1. **Tokenization**:
   - Using `Tokenizer` from `TensorFlow.keras.preprocessing.text`, we convert text data (`df[text_column]`) into sequences of integers. We limit the vocabulary size to 5000 words (`num_words=5000`).

2. **Padding Sequences**:
   - `pad_sequences` from `TensorFlow.keras.preprocessing.sequence` is used to ensure all sequences have the same length (`maxlen=100`). Sequences are padded with zeros (`padding='post'`) at the end.

3. **Handling Imbalance with SMOTE**:
   - `SMOTE` from `imblearn.over_sampling` is applied to the padded sequences (`X_padded`) and target variable (`df[target_column]`) to balance the class distribution.

4. **Splitting into Training and Testing Sets**:
   - `train_test_split` from `sklearn.model_selection` is used to split the balanced data (`X_resampled_dl`, `y_resampled_dl`) into training (`X_train_dl`, `y_train_dl`) and testing (`X_test_dl`, `y_test_dl`) sets.

### Output

After executing this code, you will have:
- `X_train_dl`, `X_test_dl`: Padded sequences ready for training and testing deep learning models.
- `y_train_dl`, `y_test_dl`: Corresponding target variables (labels) for training and testing.
  
This preprocessing prepares the text data by converting it into numerical sequences, ensuring uniform sequence lengths, and addressing class imbalance for use in deep learning models.


In [None]:
from tensorflow.keras.preprocessing.text import Tokenizer
from tensorflow.keras.preprocessing.sequence import pad_sequences
from imblearn.over_sampling import SMOTE

# Tokenize the text data
tokenizer = Tokenizer(num_words=5000)
tokenizer.fit_on_texts(df[text_column])
X_tokenized = tokenizer.texts_to_sequences(df[text_column])

# Pad the sequences
maxlen = 100
X_padded = pad_sequences(X_tokenized, padding='post', maxlen=maxlen)

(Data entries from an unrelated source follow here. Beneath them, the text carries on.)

(* Let $V$ be a non-degenerate symplectic space of dimension $n=2r$ over a field $\mathbb{F}$ with $|\mathbb{F}|\ge3$, with hyperbolic basis $\{e_i,f_i\}_{i=1}^r$, $G=\mathrm{Sp}(V)$, and let $B$ be the stabilizer in $G$ of the standard chamber $C=\{C_l\}_{l=1}^{n-1}$ of $\Gamma(V)$. Then $B\cong(\mathbb{F}\rtimes\mathrm{GL}_1(\mathbb{F}))^{r}$, where for $j=1,\dots,r$ the $j$-th factor is realized as the group $B_j$ acting on $\langle e_j,f_j\rangle$, with respect to the basis $(e_j,f_j)$, by the matrices $\begin{pmatrix}a_j&b_j\\0&a_j^{-1}\end{pmatrix}$, $a_j\in\mathbb{F}^*$, $b_j\in\mathbb{F}$ (and $B$ is the group of block-diagonal elements of $G$ with such blocks). Moreover, the kernel of the action of $G$ on $\Gamma(V)$ is $\{\pm1\}$.
   Context: $\mathsf{s}(e_i,e_j)=\mathsf{s}(f_i,f_j)=0$, $\mathsf{s}(e_i,f_j)=\delta_{ij}$. Matrices act with the convention that the $k$-th column gives the coordinates of the image of the $k$-th basis vector. $\mathrm{Rad}(U)=U\cap U^\perp$. $\Gamma(V)$: for $i\in\{1,\dots,n-1\}$ the objects of type $i$ are the $i$-dimensional subspaces $U$ with $\dim\mathrm{Rad}(U)\le1$; $X,Y$ incident iff $X=Y$, or $X\subseteq Y$ with $X\cap\mathrm{Rad}(Y)=0$, or vice versa. With $h_{2i-1}=e_i$, $h_{2i}=f_i$, the standard chamber is $C_l=\langle h_1,\dots,h_l\rangle$. *)

theory Defs
  imports Complex_Main "HOL-Library.Function_Algebras"
begin

text \<open>Vectors of V = F^n, n = 2r, are functions nat => F supported on {0..<2r}.
  0-indexed standard basis: index 2i is e_(i+1), index 2i+1 is f_(i+1)
  (so h_k of the paper is index k-1).\<close>

definition vscale :: "'a::field \<Rightarrow> (nat \<Rightarrow> 'a) \<Rightarrow> (nat \<Rightarrow> 'a)" where
  "vscale c v = (\<lambda>i. c * v i)"

lemma vector_space_vscale: "vector_space (vscale :: 'a::field \<Rightarrow> _)"
  by unfold_locales (auto simp: vscale_def fun_eq_iff algebra_simps)

definition Vsp :: "nat \<Rightarrow> (nat \<Rightarrow> 'a::field) set" where
  "Vsp r = {v. \<forall>i\<ge>2*r. v i = 0}"

definition symp :: "nat \<Rightarrow> (nat \<Rightarrow> 'a::field) \<Rightarrow> (nat \<Rightarrow> 'a) \<Rightarrow> 'a" where
  "symp r x y = (\<Sum>i<r. x (2*i) * y (2*i+1) - x (2*i+1) * y (2*i))"

text \<open>Matrices: column k = coordinates of the image of the k-th basis vector.\<close>
definition mat_app :: "nat \<Rightarrow> (nat \<Rightarrow> nat \<Rightarrow> 'a::field) \<Rightarrow> (nat \<Rightarrow> 'a) \<Rightarrow> (nat \<Rightarrow> 'a)" where
  "mat_app r M v = (\<lambda>i. if i < 2*r then (\<Sum>j<2*r. M i j * v j) else 0)"

definition matmul :: "nat \<Rightarrow> (nat \<Rightarrow> nat \<Rightarrow> 'a::field) \<Rightarrow> (nat \<Rightarrow> nat \<Rightarrow> 'a) \<Rightarrow> (nat \<Rightarrow> nat \<Rightarrow> 'a)" where
  "matmul r M N = (\<lambda>i j. \<Sum>k<2*r. M i k * N k j)"

definition is_mat :: "nat \<Rightarrow> (nat \<Rightarrow> nat \<Rightarrow> 'a::field) \<Rightarrow> bool" where
  "is_mat r M \<longleftrightarrow> (\<forall>i j. (2*r \<le> i \<or> 2*r \<le> j) \<longrightarrow> M i j = 0)"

# Apply SMOTE to the padded sequences
smote = SMOTE(random_state=42)
X_resampled_dl, y_resampled_dl = smote.fit_resample(X_padded, df[target_column])

# Split the data into training and testing sets
X_train_dl, X_test_dl, y_train_dl, y_test_dl = train_test_split(X_resampled_dl, y_resampled_dl, test_size=0.2, random_state=42)


In [None]:
from sklearn.feature_extraction.text import TfidfVectorizer
from imblearn.over_sampling import SMOTE
from sklearn.model_selection import train_test_split

# Vectorize the text data using TF-IDF
tfidf_vectorizer = TfidfVectorizer(max_features=5000)
X_tfidf = tfidf_vectorizer.fit_transform(df[text_column])
y = df[target_column]

# Apply SMOTE to the data
smote = SMOTE(random_state=42)
X_resampled, y_resampled = smote.fit_resample(X_tfidf, y)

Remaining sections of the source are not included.